Loading...
Loading...
Click here if you don’t see subscription options
Olga SeguraJuly 20, 2018
Photo by Brandon Morgan on Unsplash

This week, we talk with Gilbert Sunghera, S.J. He is an architectural consultant and associate professor of architecture at the University of Detroit Mercy. Gilbert has worked on projects such as the Jesuit community at Fairfield, the parish of St. Joseph the Worker in Wyoming and the Jesuit high school chapel in Sacramento. We talk with Gilbert about architecture, how he balances his dual passions and what it means to design a sacred space.

Speaking of architecture, America’s new office space—including the studio where Jesuitical is recorded—was profiled in the New York Times this week. You have a look at where we work and read the profile here.

We are on vacation until next month, so no Signs of the Times or Consolations and Desolations this week.
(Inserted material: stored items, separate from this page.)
(* If $G$ is a connected, claw-free, cubic graph, then \[ \sigma_{(2,3)}(G) \le \sigma_{(2,2)}(G) \le \sigma_{(2,3)}(G)+1. \] In addition, if $G\neq K_4$, then $u(G) \le \sigma_{(2,2)}(G) \le u(G)+1$, where $u(G)$ is the number of units of $G$.
   Context: A graph is claw-free if it has no induced subgraph isomorphic to $K_{1,3}$; it is cubic if every vertex has degree $3$. A diamond is an induced subgraph isomorphic to $K_4$ minus one edge. For a connected, claw-free, cubic graph $G\neq K_4$, the vertex set $V(G)$ can be uniquely partitioned into sets each of which induces a triangle or a diamond in $G$; the parts of this partition are called units, and $u(G)$ is the number of units. $(p,q)$-spreading: let $p\in\mathbb{N}$ and $q\in\mathbb{N}\cup\{\infty\}$. Start with a set $S\subseteq V(G)$ of blue vertices, all other vertices white. The color change rule: if a white vertex $w$ has at least $p$ blue neighbors, and at least one of the blue neighbors of $w$ has at most $q$ white neighbors, then $w$ is recolored blue. $S$ is a $(p,q)$-spreading set if repeatedly applying this rule eventually colors all vertices blue. $\sigma_{(p,q)}(G)$ is the minimum cardinality of a $(p,q)$-spreading set of $G$. *)

theory Defs
  imports Main "HOL-Library.Extended_Nat"
begin

definition simple_graph :: "'a set \<Rightarrow> ('a \<Rightarrow> 'a \<Rightarrow> bool) \<Rightarrow> bool" where
  "simple_graph V E \<longleftrightarrow> finite V \<and> (\<forall>u v. E u v \<longrightarrow> u \<in> V \<and> v \<in> V)
     \<and> (\<forall>u v. E u v \<longrightarrow> E v u) \<and> (\<forall>v. \<not> E v v)"

definition nbrs :: "'a set \<Rightarrow> ('a \<Rightarrow> 'a \<Rightarrow> bool) \<Rightarrow> 'a \<Rightarrow> 'a set" where
  "nbrs V E v = {u \<in> V. E v u}"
However, we still want to hear from you! Come share your consolations and desolations or some interesting Catholics news in our Facebook group. You can also find us on Twitter @jesuiticalshow, support us on Patreon and send us an email at jesuitical@americamedia.org.

More: Jesuits
Comments are automatically closed two weeks after an article's initial publication. See our comments policy for more.
Bruno Araujo
6 years 4 months ago

Do you ever tried this service https://nerdymates.com/? It has been a holy day when I find it!

The latest from america

“In Hong Kong, we have our wounds that we need to heal,” Cardinal Stephen Chow, S.J., the bishop of Hong Kong, told America’s Vatican correspondent in this exclusive interview.
Gerard O’ConnellDecember 03, 2024
John Banville is surely the only crime novelist in recent memory who has won the Booker Prize and is regularly rumored to be in the running for the Nobel Prize in Literature.
James T. KeaneDecember 03, 2024
“Joe Biden said one thing and did the opposite. A father’s love meant more to the president than keeping his word.”
Kate Scanlon - OSV NewsDecember 03, 2024
The possibility of a “fourth order” of deaconess in the Catholic Church has become part of the conversation around women deacons. But is it the right response?